I am trying to determine the $C^2$ solution of the Fredholm integral equation $$u(x)=x+\int_0^1|x-\xi|u(\xi)\, d \xi , \ \ 0\leq x\leq 1$$
I hve done the following:
Let's start with $u_0=1$ then we get $$u_1(x)=Tu_0=x+\int_0^1|x-\xi|u_0(\xi)\, d \xi=x+\int_0^1|x-\xi|\, d \xi=x^2+\frac{1}{2}$$
At the next step we get $$u_2(x)+Tu_1(x)=x+\int_0^1|x-\xi|u_1(\xi)\, d \xi=...=\frac{1}{6}x^2+\frac{1}{2}x^2+\frac{x}{6}+\frac{1}{2}$$
Next we get $$u_3(x)+Tu_2(x)=x+\int_0^1|x-\xi|u_2(\xi)\, d \xi=...=\frac{ x^6}{30}+\frac{x^4}{12}+\frac{x^3}{18}+\frac{x^2}{2}+\frac{3x}{20}+\frac{37}{72}$$
I don't see any pattern.
Are my calculations wrong? Or my intial function $u_0$? Or is the way I am doing that wrong?

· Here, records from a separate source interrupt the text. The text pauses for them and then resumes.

lemma cos_sin_moments_cubic [simp]:
  "cos_sin_moment 3 0 = 0" "cos_sin_moment 2 1 = 0"
  "cos_sin_moment 1 2 = 0" "cos_sin_moment 0 3 = 0"
  by (rule cos_sin_moment_antiderivative[where i=3 and j=0 and F="\<lambda>x. sin x - sin x ^ 3 / 3"]
        cos_sin_moment_antiderivative[where i=2 and j=1 and F="\<lambda>x. - (cos x ^ 3) / 3"]
        cos_sin_moment_antiderivative[where i=1 and j=2 and F="\<lambda>x. sin x ^ 3 / 3"]
        cos_sin_moment_antiderivative[where i=0 and j=3 and F="\<lambda>x. cos x ^ 3 / 3 - cos x"];
      auto intro!: derivative_eq_intros
        simp: cos_sin_power_def power2_eq_square power3_eq_cube algebra_simps sin_sq_eq;
      simp add: field_simps)+

text \<open>Trigonometric polynomials in two angles are represented as lists of monomials, so that
  torus averages of their products can be computed by evaluating \<open>trig_avg\<close>.\<close>

type_synonym trig_term = "real \<times> nat \<times> nat \<times> nat \<times> nat"

fun trig_eval :: "trig_term list \<Rightarrow> real \<times> real \<Rightarrow> real" where
  "trig_eval [] p = 0"
| "trig_eval ((c, i, j, k, l) # ts) p =
     c * (cos_sin_power i j (fst p) * cos_sin_power k l (snd p)) + trig_eval ts p"

fun trig_avg :: "trig_term list \<Rightarrow> real" where
  "trig_avg [] = 0"
| "trig_avg ((c, i, j, k, l) # ts) = c * (cos_sin_moment i j * cos_sin_moment k l) + trig_avg ts"

definition trig_scale :: "real \<Rightarrow> trig_term list \<Rightarrow> trig_term list" where
  "trig_scale a ts = [(a * c, i, j, k, l). (c, i, j, k, l) \<leftarrow> ts]"

definition trig_mult :: "trig_term list \<Rightarrow> trig_term list \<Rightarrow> trig_term list" where
  "trig_mult ts us =
     [(c * d, i + i', j + j', k + k', l + l'). (c, i, j, k, l) \<leftarrow> ts, (d, i', j', k', l') \<leftarrow> us]"

lemma continuous_on_trig_eval [continuous_intros]: "continuous_on S (trig_eval ts)"
proof (induction ts)
  case Nil
  then show ?case by simp
next
  case (Cons t ts)
  then show ?case
    by (cases t) (auto intro!: continuous_intros)
qed

lemma torus_avg_trig_eval: "torus_avg (trig_eval ts) = trig_avg ts"
proof (induction ts)
  case Nil
  have "trig_eval [] = (\<lambda>p. 0)" by auto
  then show ?case by (simp add: torus_avg_const)
next
  case (Cons t ts)
  obtain c i j k l where t: "t = (c, i, j, k, l)" by (cases t)
  define m where "m p = cos_sin_power i j (fst p) * cos_sin_power k l (snd p)" for p
  have "continuous_on UNIV m"
    unfolding m_def by (intro continuous_intros)
  then have "torus_avg (\<lambda>p. c * m p + trig_eval ts p) = c * torus_avg m + torus_avg (trig_eval ts)"
    by (simp add: torus_avg_add torus_avg_cmult continuous_intros)
  moreover have "torus_avg m = cos_sin_moment i j * cos_sin_moment k l"
    unfolding m_def cos_sin_moment_def
    by (intro torus_avg_product continuous_on_cos_sin_power continuous_on_id)
  moreover have "trig_eval (t # ts) = (\<lambda>p. c * m p + trig_eval ts p)"
    by (auto simp: t m_def)
  ultimately show ?case
    using Cons by (simp add: t)
qed

lemma trig_eval_append: "trig_eval (ts @ us) p = trig_eval ts p + trig_eval us p"
  by (induction ts p rule: trig_eval.induct) auto

lemma trig_eval_scale: "trig_eval (trig_scale a ts) p = a * trig_eval ts p"
  by (induction ts p rule: trig_eval.induct) (auto simp: trig_scale_def algebra_simps)

lemma trig_eval_mult: "trig_eval (trig_mult ts us) p = trig_eval ts p * trig_eval us p"
proof (induction ts p rule: trig_eval.induct)
  case (2 c i j k l ts p)
  have "trig_eval [(c * d, i + i', j + j', k + k', l + l'). (d, i', j', k', l') \<leftarrow> us] p
      = c * (cos_sin_power i j (fst p) * cos_sin_power k l (snd p)) * trig_eval us p"
    by (induction us p rule: trig_eval.induct) (auto simp: algebra_simps simp flip: cos_sin_power_mult)
  with 2 show ?case
    by (simp add: trig_mult_def trig_eval_append algebra_simps)
qed (simp add: trig_mult_def)

section \<open>Lattice coordinates\<close>

lemma integral_linear_image_real:
  fixes H :: "real^'n::{finite,wellorder} \<Rightarrow> real" and g :: "real^'n::_ \<Rightarrow> real^'n::_"
  assumes g: "linear g" and H: "(H \<circ> g) absolutely_integrable_on S"
  shows "integral (g ` S) H = \<bar>det (matrix g)\<bar> * integral S (H \<circ> g)"
proof -
  define H1 where "H1 x = H x *\<^sub>R (1 :: real^1)" for x
  have H1g: "(H1 \<circ> g) absolutely_integrable_on S"
    using absolutely_integrable_scaleR_right[OF H] by (simp add: H1_def o_def)
  then have "H1 absolutely_integrable_on g ` S"
    using absolutely_integrable_on_linear_image[OF g] by blast
  then have "integral (g ` S) H = integral (g ` S) H1 $ 1"
    by (simp add: H1_def set_lebesgue_integral_eq_integral(1) flip: integral_component_eq_cart)
  also have "\<dots> = (\<bar>det (matrix g)\<bar> *\<^sub>R integral S (H1 \<circ> g)) $ 1"
    using integral_change_of_variables_linear[OF g, of S H1] H1g by simp
  also have "\<dots> = \<bar>det (matrix g)\<bar> * integral S (H \<circ> g)"
    using H1g by (simp add: H1_def o_def set_lebesgue_integral_eq_integral(1) flip: integral_component_eq_cart)
  finally show ?thesis .
qed

definition cart_of_pair :: "real \<times> real \<Rightarrow> real^2" where
  "cart_of_pair p = vector [fst p, snd p]"

definition pair_of_cart :: "real^2 \<Rightarrow> real \<times> real" where
  "pair_of_cart y = (y$1, y$2)"

lemma cart_of_pair_inverse [simp]: "pair_of_cart (cart_of_pair p) = p"
  by (simp add: cart_of_pair_def pair_of_cart_def)

lemma pair_of_cart_inverse [simp]: "cart_of_pair (pair_of_cart y) = y"
  by (simp add: cart_of_pair_def pair_of_cart_def vec_eq_iff forall_2)

lemma cbox_cart_iff: "y \<in> cbox (cart_of_pair u) (cart_of_pair v) \<longleftrightarrow> pair_of_cart y \<in> cbox u v"
  by (cases u; cases v)
     (simp add: mem_box_cart forall_2 cbox_Pair_iff cart_of_pair_def pair_of_cart_def)

lemma cart_of_pair_image_cbox: "cart_of_pair ` cbox u v = cbox (cart_of_pair u) (cart_of_pair v)"
proof
  show "cart_of_pair ` cbox u v \<subseteq> cbox (cart_of_pair u) (cart_of_pair v)"
    by (auto simp: cbox_cart_iff)
  show "cbox (cart_of_pair u) (cart_of_pair v) \<subseteq> cart_of_pair ` cbox u v"
  proof
    fix y assume "y \<in> cbox (cart_of_pair u) (cart_of_pair v)"
    then have "pair_of_cart y \<in> cbox u v"
      by (simp add: cbox_cart_iff)
    then show "y \<in> cart_of_pair ` cbox u v"
      by (metis image_eqI pair_of_cart_inverse)
  qed
qed

lemma pair_of_cart_image_cbox: "pair_of_cart ` cbox u v = cbox (pair_of_cart u) (pair_of_cart v)"
proof -
  have "cbox u v = cart_of_pair ` cbox (pair_of_cart u) (pair_of_cart v)"
    by (simp add: cart_of_pair_image_cbox)
  then show ?thesis
    by (simp add: image_image)
qed

lemma measure_pair_of_cart_image_cbox:
  "measure lborel (pair_of_cart ` cbox u v) = measure lborel (cbox u v)"
proof (cases "cbox u v = {}")
  case False
  then have "u$1 \<le> v$1" "u$2 \<le> v$2"
    by (auto simp: box_ne_empty cart_eq_inner_axis)
  then show ?thesis
    using False unfolding pair_of_cart_image_cbox
    by (simp add: pair_of_cart_def content_cbox_cart content_Pair UNIV_2)
qed (simp add: pair_of_cart_image_cbox)

lemma integral_pair_of_cart:
  assumes "F integrable_on cbox u v"
  shows "integral (cbox (cart_of_pair u) (cart_of_pair v)) (\<lambda>y. F (pair_of_cart y)) = integral (cbox u v) F"
proof -
  have "((\<lambda>y. F (pair_of_cart y)) has_integral (1 / 1) *\<^sub>R integral (cbox u v) F)
      (cart_of_pair ` cbox u v)"
  proof (rule has_integral_twiddle)
    show "\<And>x. continuous (at x) pair_of_cart"
      unfolding pair_of_cart_def by (intro continuous_intros)
    show "\<exists>w z. pair_of_cart ` cbox a b = cbox w z" for a b
      using pair_of_cart_image_cbox[of a b] by blast
    show "\<exists>w z. cart_of_pair ` cbox a b = cbox w z" for a b
      using cart_of_pair_image_cbox[of a b] by blast
    show "\<And>a b. measure lborel (pair_of_cart ` cbox a b) = 1 * measure lborel (cbox a b)"
      by (simp add: measure_pair_of_cart_image_cbox)
  qed (simp_all add: assms integrable_integral)
  then show ?thesis
    by (simp add: cart_of_pair_image_cbox integral_unique)
qed

definition torus_coords :: "real^2 \<Rightarrow> real \<times> real" where
  "torus_coords x = (kv1 \<bullet> x, kv2 \<bullet> x)"

definition point_of_coords :: "real^2 \<Rightarrow> real^2" where
  "point_of_coords y = vector [y$1, (y$1 + 2 * y$2) / sqrt 3]"

lemma kv_inner:
  "kv1 \<bullet> x = x$1" "kv2 \<bullet> x = - x$1 / 2 + sqrt 3 / 2 * x$2" "kv3 \<bullet> x = - x$1 / 2 - sqrt 3 / 2 * x$2"
  by (simp_all add: kv1_def kv2_def kv3_def inner_vec_def sum_2)

lemma sqrt_3_mult_sqrt_3: "sqrt 3 * (sqrt 3 * x) = 3 * x"
  by (simp flip: mult.assoc)

lemma torus_coords_point_of_coords: "torus_coords (point_of_coords y) = pair_of_cart y"
  by (simp add: torus_coords_def point_of_coords_def pair_of_cart_def kv_inner field_simps
      sqrt_3_mult_sqrt_3)

lemma point_of_coords_torus_coords: "point_of_coords (cart_of_pair (torus_coords x)) = x"
  by (simp add: torus_coords_def point_of_coords_def cart_of_pair_def kv_inner vec_eq_iff forall_2
      field_simps)

lemma linear_point_of_coords: "linear point_of_coords"
  by (rule linearI) (simp_all add: point_of_coords_def vec_eq_iff forall_2 field_simps sqrt_3_mult_sqrt_3)

lemma det_point_of_coords: "det (matrix point_of_coords) = 2 / sqrt 3"
  by (simp add: det_2 matrix_def point_of_coords_def axis_def field_simps)

lemma cell_eq_image: "cell = point_of_coords ` cbox (cart_of_pair (0, 0)) (cart_of_pair (2*pi, 2*pi))"
proof -
  have mem: "x \<in> cell \<longleftrightarrow> torus_coords x \<in> period_square" for x
    by (simp add: cell_def torus_coords_def period_square_def)
  have "cell = point_of_coords ` cart_of_pair ` period_square"
  proof (rule set_eqI, rule iffI)
    fix x assume "x \<in> cell"
    then show "x \<in> point_of_coords ` cart_of_pair ` period_square"
      using mem point_of_coords_torus_coords by (metis image_eqI)
  next
    fix x assume "x \<in> point_of_coords ` cart_of_pair ` period_square"
    then show "x \<in> cell"
      using mem torus_coords_point_of_coords by auto
  qed
  then show ?thesis
    by (simp add: period_square_def cart_of_pair_image_cbox)
qed

lemma integral_cell:
  fixes G :: "real^2 \<Rightarrow> real"
  assumes "continuous_on UNIV G"
  shows "integral cell G
    = 2 / sqrt 3 * integral (cbox (cart_of_pair (0, 0)) (cart_of_pair (2*pi, 2*pi))) (\<lambda>y. G (point_of_coords y))"
proof -
  have "continuous_on UNIV point_of_coords"
    using linear_linear linear_continuous_on linear_point_of_coords by blast
  then have "(G \<circ> point_of_coords) absolutely_integrable_on
      cbox (cart_of_pair (0, 0)) (cart_of_pair (2*pi, 2*pi))"
    using assms by (intro absolutely_integrable_continuous continuous_on_compose)
      (auto intro: continuous_on_subset)
  then show ?thesis
    unfolding cell_eq_image
    by (simp add: integral_linear_image_real[OF linear_point_of_coords] det_point_of_coords o_def)
qed

lemma measure_cell: "measure lebesgue cell = 2 / sqrt 3 * (4 * pi^2)"
proof -
  have "cell \<in> lmeasurable"
    unfolding cell_eq_image by (rule measurable_linear_image_interval[OF linear_point_of_coords])
  then have "measure lebesgue cell = integral cell (\<lambda>x. 1)"
    by (rule lmeasure_integral)
  also have "\<dots> = 2 / sqrt 3 * integral period_square (\<lambda>p. 1)"
    unfolding period_square_def
    by (simp only: integral_cell[OF continuous_on_const] integral_pair_of_cart[OF integrable_const])
  finally show ?thesis
    by (simp add: integral_period_square_const)
qed

lemma haar_avg_torus_coords:
  assumes F: "continuous_on UNIV F"
  shows "haar_avg (\<lambda>x. F (torus_coords x)) = torus_avg F"
proof -
  have "continuous_on UNIV (\<lambda>x. F (torus_coords x))"
    unfolding torus_coords_def by (intro continuous_on_compose2[OF F] continuous_intros) auto
  then have "integral cell (\<lambda>x. F (torus_coords x)) = 2 / sqrt 3 * integral period_square F"
    using integral_pair_of_cart[OF integrable_on_period_square[OF F, unfolded period_square_def]]
    by (simp add: integral_cell torus_coords_point_of_coords period_square_def)
  then show ?thesis
    by (simp add: haar_avg_def torus_avg_def measure_cell)
qed

section \<open>The potential and the curvature profiles on the torus\<close>

text \<open>In the coordinates \<open>(a, b) = torus_coords x\<close> we have \<open>k\<^sub>3 \<bullet> x = -(a + b)\<close>.
  Since \<open>k\<^sub>m \<bullet> k\<^sub>m = 1\<close> and \<open>k\<^sub>m \<bullet> k\<^sub>n = -1/2\<close> for \<open>m \<noteq> n\<close>,
  the traces of the powers of \<open>H = \<epsilon> \<Sum>\<^sub>m k\<^sub>m k\<^sub>m\<^sup>T cos (k\<^sub>m \<bullet> x)\<close>
  and \<open>|\<nabla>H|\<^sup>2\<close> are powers of \<open>\<epsilon>\<close> times the following polynomials in the
  cosines and sines of \<open>a\<close>, \<open>b\<close> and \<open>a + b\<close>.\<close>

fun phi_torus :: "real \<times> real \<Rightarrow> real" where
  "phi_torus (a, b) = cos a + cos b + cos (a + b)"

fun trH2_torus :: "real \<times> real \<Rightarrow> real" where
  "trH2_torus (a, b) = cos a ^ 2 + cos b ^ 2 + cos (a + b) ^ 2
     + (cos a * cos b + cos a * cos (a + b) + cos b * cos (a + b)) / 2"
lemma Zflat_ones_eq_sympoly:
  assumes "finite E"
  shows "Zflat E \<omega> (\<lambda>_. 1) = sympoly (flip_seq (fk E \<omega>) (smin E \<omega>) (rmax E \<omega>)) 0 {1..rmax E \<omega> - smin E \<omega>}"
proof
  fix z :: "nat \<Rightarrow> real"
  let ?r = "rmax E \<omega>" and ?l = "rmax E \<omega> - smin E \<omega>"
  let ?term = "\<lambda>S A. if card S + card A = ?r then \<omega> S * (\<Prod>i\<in>A. z i) else 0"
  have "Zflat E \<omega> (\<lambda>_. 1) z = (\<Sum>S\<in>Pow E. \<Sum>A\<in>Pow {1..?l}. ?term S A)"
    unfolding Zflat_def esym_eq_sum_Pow Pow_def
    by (simp add: sum_distrib_left if_distrib cong: if_cong)
  also have "\<dots> = (\<Sum>A\<in>Pow {1..?l}. \<Sum>S\<in>Pow E. ?term S A)"
    by (rule sum.swap)
  also have "\<dots> = (\<Sum>A\<in>Pow {1..?l}. flip_seq (fk E \<omega>) (smin E \<omega>) ?r (card A) * (\<Prod>i\<in>A. z i))"
  proof (rule sum.cong[OF refl])
    fix A
    assume "A \<in> Pow {1..?l}"
    then have "card A \<le> ?l"
      using card_mono[of "{1..?l}" A] by simp
    then have "flip_seq (fk E \<omega>) (smin E \<omega>) ?r (card A) = (\<Sum>S\<in>Pow E. if card S + card A = ?r then \<omega> S else 0)"
      using assms by (simp add: flip_seq_def fk_eq_sum_Pow)
    then show "(\<Sum>S\<in>Pow E. ?term S A) = flip_seq (fk E \<omega>) (smin E \<omega>) ?r (card A) * (\<Prod>i\<in>A. z i)"
      by (simp add: sum_distrib_right if_distrib[of "\<lambda>x. x * _"] cong: if_cong)
  qed
  finally show "Zflat E \<omega> (\<lambda>_. 1) z = sympoly (flip_seq (fk E \<omega>) (smin E \<omega>) ?r) 0 {1..?l} z"
    unfolding sympoly_def by simp
qed

lemma fk_nonneg: "(\<And>S. S \<subseteq> E \<Longrightarrow> \<omega> S \<ge> 0) \<Longrightarrow> fk E \<omega> k \<ge> 0"
  unfolding fk_def by (auto intro: sum_nonneg)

By the definition, $$|x-\xi| = \begin{cases} x-\xi \quad \text{if} \quad x \gt \xi\\ \xi - x \quad \text{if} \quad\ x \lt \xi \\ \quad 0 \quad \text{if} \quad\ x = \xi \end{cases}$$
Here for $\ \ 0\leq x\leq 1 \\$ the Fredholm integral equation is
$u(x)=x+\int_0^1|x-\xi|u(\xi)\, d \xi $
$\implies u(x)=x+\int_0^x (x-\xi)u(\xi)\, d \xi + \int_x^1 (\xi-x)u(\xi)\, d \xi\qquad . . . . (1)$
$\implies u'(x)=1+\int_0^x u(\xi)\, d \xi -\int_x^1 u(\xi)\, d \xi\qquad . . . . (2)$ (differentiating with respect $x$ using Leibniz Integral Rule)
$\implies u''(x)=u(x)+u(x)$ (again differentiating with respect $x$ using Leibniz Integral Rule)
$\implies u''(x)-2 u(x)=0 $.
$u(x)=A e^{\sqrt 2x}+Be^{-\sqrt 2x}$, where $A,B$ are integrating constants.
Now at $x=0\quad \text{from $(1)$ and $(2)$}\qquad u(0)=\int_0^1 \xi u(\xi) d\xi,\qquad u'(0)=1-\int_0^1 u(\xi)d\xi$
and at $x=1\quad \text{from $(1)$ and $(2)$}\qquad u(1)=1+\int_0^1 (1-\xi) u(\xi) d\xi,\qquad u'(1)=1+\int_0^1 u(\xi)d\xi$
Therefore the boundary conditions are
$u(0)+u(1)=u'(1) \qquad \text{and} \qquad u'(0)+u'(1)=2$
From these two boundary condition, you can found the value of $A $ and $ B$.